BRIEF
Look through the records below for the line holding "with B C show". Write it out exactly, with each following line through the line holding "('K ^ 'n) set \<Rightarrow> ('K".

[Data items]
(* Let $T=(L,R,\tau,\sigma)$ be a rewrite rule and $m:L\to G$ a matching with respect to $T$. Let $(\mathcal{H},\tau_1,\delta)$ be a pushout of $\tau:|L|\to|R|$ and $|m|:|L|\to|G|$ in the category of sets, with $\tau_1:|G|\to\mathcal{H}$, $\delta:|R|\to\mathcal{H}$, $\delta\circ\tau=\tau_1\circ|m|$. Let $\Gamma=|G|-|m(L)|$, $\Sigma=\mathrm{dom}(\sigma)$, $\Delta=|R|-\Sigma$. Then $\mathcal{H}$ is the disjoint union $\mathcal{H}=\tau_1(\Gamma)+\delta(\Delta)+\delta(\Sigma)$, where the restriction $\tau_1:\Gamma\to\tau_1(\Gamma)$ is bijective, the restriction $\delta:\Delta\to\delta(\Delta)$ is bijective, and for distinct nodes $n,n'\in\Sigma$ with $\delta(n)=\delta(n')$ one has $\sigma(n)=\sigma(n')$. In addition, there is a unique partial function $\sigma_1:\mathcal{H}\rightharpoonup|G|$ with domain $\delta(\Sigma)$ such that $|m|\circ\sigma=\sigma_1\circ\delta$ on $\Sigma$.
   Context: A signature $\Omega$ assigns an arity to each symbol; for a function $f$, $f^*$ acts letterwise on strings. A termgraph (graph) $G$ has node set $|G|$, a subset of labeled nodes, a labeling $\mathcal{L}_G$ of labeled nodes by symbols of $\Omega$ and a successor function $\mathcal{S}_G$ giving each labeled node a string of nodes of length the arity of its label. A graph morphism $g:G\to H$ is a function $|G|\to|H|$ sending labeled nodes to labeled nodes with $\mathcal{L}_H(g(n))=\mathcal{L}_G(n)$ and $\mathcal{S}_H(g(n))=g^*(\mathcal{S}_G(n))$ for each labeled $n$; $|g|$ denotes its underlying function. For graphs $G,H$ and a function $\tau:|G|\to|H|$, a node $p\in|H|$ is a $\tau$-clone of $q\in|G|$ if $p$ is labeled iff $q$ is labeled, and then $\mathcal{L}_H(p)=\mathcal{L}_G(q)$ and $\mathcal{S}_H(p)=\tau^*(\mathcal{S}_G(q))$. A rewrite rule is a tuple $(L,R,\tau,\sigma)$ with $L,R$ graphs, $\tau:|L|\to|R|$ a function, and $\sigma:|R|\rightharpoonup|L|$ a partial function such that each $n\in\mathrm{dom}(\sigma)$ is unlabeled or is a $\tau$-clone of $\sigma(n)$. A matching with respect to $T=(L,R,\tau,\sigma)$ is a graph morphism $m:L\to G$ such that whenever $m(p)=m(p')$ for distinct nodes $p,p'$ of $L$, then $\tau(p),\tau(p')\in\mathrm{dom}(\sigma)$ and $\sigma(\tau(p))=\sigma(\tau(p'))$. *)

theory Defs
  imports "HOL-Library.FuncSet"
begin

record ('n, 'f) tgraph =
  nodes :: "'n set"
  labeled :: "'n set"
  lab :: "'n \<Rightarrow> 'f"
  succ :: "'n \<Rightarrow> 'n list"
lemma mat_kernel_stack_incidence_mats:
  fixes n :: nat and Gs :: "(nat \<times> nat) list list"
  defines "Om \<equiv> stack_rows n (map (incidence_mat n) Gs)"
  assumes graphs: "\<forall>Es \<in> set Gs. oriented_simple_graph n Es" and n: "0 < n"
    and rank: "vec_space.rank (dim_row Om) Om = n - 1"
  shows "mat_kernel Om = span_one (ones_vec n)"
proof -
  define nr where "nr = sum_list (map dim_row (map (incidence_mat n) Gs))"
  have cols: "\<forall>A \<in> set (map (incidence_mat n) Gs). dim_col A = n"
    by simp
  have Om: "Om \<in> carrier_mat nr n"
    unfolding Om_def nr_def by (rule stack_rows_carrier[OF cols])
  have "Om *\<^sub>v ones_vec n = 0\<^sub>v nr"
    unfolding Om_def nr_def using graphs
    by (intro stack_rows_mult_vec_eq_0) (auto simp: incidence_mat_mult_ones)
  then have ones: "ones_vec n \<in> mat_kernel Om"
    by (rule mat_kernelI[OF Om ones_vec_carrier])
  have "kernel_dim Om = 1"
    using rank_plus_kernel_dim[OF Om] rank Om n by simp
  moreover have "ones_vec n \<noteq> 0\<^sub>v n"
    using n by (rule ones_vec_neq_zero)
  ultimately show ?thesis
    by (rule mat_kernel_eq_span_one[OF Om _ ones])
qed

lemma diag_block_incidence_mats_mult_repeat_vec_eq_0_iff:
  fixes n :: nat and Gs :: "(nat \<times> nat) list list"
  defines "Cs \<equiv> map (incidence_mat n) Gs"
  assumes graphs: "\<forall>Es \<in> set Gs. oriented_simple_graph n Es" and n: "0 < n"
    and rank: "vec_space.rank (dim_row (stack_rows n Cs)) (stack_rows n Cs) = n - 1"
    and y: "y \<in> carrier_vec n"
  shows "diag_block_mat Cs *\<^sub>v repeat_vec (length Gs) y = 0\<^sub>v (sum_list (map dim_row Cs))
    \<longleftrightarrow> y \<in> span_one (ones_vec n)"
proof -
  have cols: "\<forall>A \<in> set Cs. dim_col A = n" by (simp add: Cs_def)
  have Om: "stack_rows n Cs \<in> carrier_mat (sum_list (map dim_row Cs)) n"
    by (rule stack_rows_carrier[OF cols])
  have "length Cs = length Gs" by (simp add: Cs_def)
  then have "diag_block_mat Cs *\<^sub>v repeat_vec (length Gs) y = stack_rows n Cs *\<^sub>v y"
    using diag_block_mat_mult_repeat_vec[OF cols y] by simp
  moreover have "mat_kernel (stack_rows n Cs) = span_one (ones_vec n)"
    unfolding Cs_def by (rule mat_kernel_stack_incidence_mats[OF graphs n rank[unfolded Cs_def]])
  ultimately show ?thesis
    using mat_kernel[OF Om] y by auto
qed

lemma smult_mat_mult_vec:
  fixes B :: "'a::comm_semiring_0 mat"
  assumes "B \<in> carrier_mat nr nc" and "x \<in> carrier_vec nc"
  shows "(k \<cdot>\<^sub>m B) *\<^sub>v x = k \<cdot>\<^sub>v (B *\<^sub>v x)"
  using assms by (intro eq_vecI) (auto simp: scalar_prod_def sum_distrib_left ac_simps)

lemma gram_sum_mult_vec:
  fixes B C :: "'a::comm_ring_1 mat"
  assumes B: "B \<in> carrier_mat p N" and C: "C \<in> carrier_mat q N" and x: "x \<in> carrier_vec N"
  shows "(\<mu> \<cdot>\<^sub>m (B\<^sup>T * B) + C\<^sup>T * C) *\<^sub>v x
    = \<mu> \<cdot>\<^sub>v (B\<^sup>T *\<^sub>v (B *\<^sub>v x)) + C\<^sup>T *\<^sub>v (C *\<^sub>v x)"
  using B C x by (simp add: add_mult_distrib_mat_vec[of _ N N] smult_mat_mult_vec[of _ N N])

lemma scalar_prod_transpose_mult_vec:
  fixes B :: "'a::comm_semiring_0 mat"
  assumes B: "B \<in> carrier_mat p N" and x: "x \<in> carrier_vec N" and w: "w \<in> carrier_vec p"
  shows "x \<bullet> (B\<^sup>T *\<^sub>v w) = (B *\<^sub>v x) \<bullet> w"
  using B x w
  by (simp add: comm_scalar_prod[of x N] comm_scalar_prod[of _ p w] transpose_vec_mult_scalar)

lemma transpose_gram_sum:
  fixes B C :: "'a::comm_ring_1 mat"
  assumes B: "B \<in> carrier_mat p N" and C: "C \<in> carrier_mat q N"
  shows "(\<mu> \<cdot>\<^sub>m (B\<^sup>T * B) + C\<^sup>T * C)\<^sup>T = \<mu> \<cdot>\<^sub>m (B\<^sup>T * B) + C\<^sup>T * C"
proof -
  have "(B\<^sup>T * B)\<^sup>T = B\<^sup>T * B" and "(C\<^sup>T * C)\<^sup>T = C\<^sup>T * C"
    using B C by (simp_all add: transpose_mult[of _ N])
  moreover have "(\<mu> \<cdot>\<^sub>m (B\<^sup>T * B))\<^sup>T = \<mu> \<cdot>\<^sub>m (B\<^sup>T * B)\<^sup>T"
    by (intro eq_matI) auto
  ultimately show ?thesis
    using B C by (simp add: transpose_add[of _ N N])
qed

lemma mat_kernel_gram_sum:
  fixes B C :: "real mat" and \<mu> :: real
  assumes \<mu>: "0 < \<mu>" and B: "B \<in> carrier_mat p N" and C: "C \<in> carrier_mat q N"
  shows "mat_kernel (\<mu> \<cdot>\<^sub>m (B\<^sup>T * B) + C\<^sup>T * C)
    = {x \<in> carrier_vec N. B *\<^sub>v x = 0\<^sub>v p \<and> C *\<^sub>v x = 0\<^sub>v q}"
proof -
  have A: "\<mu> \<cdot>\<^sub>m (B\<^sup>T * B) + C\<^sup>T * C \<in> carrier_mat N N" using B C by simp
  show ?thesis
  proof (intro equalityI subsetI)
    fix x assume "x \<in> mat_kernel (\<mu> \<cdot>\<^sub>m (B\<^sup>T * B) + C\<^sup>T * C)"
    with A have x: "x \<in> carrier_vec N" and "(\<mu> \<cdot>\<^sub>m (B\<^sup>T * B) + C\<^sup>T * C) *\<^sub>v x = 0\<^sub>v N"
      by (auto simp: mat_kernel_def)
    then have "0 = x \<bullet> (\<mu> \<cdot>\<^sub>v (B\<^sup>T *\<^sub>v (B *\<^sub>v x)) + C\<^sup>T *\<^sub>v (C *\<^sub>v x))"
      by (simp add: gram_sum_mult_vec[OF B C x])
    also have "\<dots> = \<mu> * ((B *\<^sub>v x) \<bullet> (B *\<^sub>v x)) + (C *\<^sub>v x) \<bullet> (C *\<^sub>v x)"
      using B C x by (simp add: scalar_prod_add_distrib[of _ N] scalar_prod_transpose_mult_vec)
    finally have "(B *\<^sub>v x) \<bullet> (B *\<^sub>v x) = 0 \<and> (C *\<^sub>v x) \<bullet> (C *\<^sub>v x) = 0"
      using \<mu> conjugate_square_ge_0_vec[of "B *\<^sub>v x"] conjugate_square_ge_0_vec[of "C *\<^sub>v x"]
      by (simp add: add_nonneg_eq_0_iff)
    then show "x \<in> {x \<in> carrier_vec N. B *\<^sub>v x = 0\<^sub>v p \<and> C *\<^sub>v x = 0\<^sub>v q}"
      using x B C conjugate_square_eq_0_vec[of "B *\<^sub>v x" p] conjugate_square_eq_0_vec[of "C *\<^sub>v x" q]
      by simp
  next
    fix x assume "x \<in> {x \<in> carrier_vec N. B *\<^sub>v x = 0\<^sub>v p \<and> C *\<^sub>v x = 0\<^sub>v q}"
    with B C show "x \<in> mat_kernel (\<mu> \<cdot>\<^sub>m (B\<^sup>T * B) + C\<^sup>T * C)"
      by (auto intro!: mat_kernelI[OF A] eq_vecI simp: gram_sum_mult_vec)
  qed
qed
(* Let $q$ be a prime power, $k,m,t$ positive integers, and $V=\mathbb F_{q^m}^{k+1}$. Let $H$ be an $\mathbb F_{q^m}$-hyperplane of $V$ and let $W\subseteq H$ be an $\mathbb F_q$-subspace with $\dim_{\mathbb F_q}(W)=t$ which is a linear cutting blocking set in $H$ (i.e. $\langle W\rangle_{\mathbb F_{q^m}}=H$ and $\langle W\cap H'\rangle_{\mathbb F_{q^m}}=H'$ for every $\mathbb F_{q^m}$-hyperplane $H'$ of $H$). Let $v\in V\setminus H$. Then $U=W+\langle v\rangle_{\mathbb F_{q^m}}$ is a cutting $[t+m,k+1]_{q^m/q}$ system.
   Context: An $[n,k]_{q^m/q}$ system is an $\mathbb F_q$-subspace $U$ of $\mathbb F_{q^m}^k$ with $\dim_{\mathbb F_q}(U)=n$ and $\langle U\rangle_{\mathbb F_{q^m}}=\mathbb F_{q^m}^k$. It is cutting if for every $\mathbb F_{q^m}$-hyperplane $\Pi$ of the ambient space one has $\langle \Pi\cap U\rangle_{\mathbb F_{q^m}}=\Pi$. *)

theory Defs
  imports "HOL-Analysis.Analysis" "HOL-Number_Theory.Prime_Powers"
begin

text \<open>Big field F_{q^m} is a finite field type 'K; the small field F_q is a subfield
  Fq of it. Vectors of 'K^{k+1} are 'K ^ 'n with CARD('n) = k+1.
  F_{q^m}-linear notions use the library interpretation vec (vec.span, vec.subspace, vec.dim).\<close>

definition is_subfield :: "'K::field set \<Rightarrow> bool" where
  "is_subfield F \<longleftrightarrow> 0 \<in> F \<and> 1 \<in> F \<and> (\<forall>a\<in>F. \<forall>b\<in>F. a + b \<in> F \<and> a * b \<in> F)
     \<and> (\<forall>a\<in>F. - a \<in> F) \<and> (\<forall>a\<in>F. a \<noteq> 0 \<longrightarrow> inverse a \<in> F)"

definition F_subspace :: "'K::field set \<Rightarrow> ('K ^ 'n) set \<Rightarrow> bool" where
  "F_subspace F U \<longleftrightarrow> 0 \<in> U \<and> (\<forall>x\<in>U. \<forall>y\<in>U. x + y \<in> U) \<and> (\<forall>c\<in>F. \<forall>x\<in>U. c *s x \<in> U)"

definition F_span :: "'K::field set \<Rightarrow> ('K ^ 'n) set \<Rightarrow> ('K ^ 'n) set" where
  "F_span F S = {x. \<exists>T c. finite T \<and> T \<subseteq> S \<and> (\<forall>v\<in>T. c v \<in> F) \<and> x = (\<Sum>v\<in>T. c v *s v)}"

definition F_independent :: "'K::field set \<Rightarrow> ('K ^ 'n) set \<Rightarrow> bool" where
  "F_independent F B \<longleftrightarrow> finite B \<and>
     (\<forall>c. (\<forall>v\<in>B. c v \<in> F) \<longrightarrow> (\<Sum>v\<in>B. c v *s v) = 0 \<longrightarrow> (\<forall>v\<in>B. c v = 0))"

WRITTEN SOLUTION
    with B C show "x \<in> mat_kernel (\<mu> \<cdot>\<^sub>m (B\<^sup>T * B) + C\<^sup>T * C)"
      by (auto intro!: mat_kernelI[OF A] eq_vecI simp: gram_sum_mult_vec)
  qed
qed
(* Let $q$ be a prime power, $k,m,t$ positive integers, and $V=\mathbb F_{q^m}^{k+1}$. Let $H$ be an $\mathbb F_{q^m}$-hyperplane of $V$ and let $W\subseteq H$ be an $\mathbb F_q$-subspace with $\dim_{\mathbb F_q}(W)=t$ which is a linear cutting blocking set in $H$ (i.e. $\langle W\rangle_{\mathbb F_{q^m}}=H$ and $\langle W\cap H'\rangle_{\mathbb F_{q^m}}=H'$ for every $\mathbb F_{q^m}$-hyperplane $H'$ of $H$). Let $v\in V\setminus H$. Then $U=W+\langle v\rangle_{\mathbb F_{q^m}}$ is a cutting $[t+m,k+1]_{q^m/q}$ system.
   Context: An $[n,k]_{q^m/q}$ system is an $\mathbb F_q$-subspace $U$ of $\mathbb F_{q^m}^k$ with $\dim_{\mathbb F_q}(U)=n$ and $\langle U\rangle_{\mathbb F_{q^m}}=\mathbb F_{q^m}^k$. It is cutting if for every $\mathbb F_{q^m}$-hyperplane $\Pi$ of the ambient space one has $\langle \Pi\cap U\rangle_{\mathbb F_{q^m}}=\Pi$. *)

theory Defs
  imports "HOL-Analysis.Analysis" "HOL-Number_Theory.Prime_Powers"
begin

text \<open>Big field F_{q^m} is a finite field type 'K; the small field F_q is a subfield
  Fq of it. Vectors of 'K^{k+1} are 'K ^ 'n with CARD('n) = k+1.
  F_{q^m}-linear notions use the library interpretation vec (vec.span, vec.subspace, vec.dim).\<close>

definition is_subfield :: "'K::field set \<Rightarrow> bool" where
  "is_subfield F \<longleftrightarrow> 0 \<in> F \<and> 1 \<in> F \<and> (\<forall>a\<in>F. \<forall>b\<in>F. a + b \<in> F \<and> a * b \<in> F)
     \<and> (\<forall>a\<in>F. - a \<in> F) \<and> (\<forall>a\<in>F. a \<noteq> 0 \<longrightarrow> inverse a \<in> F)"

definition F_subspace :: "'K::field set \<Rightarrow> ('K ^ 'n) set \<Rightarrow> bool" where
  "F_subspace F U \<longleftrightarrow> 0 \<in> U \<and> (\<forall>x\<in>U. \<forall>y\<in>U. x + y \<in> U) \<and> (\<forall>c\<in>F. \<forall>x\<in>U. c *s x \<in> U)"

definition F_span :: "'K::field set \<Rightarrow> ('K ^ 'n) set \<Rightarrow> ('K ^ 'n) set" where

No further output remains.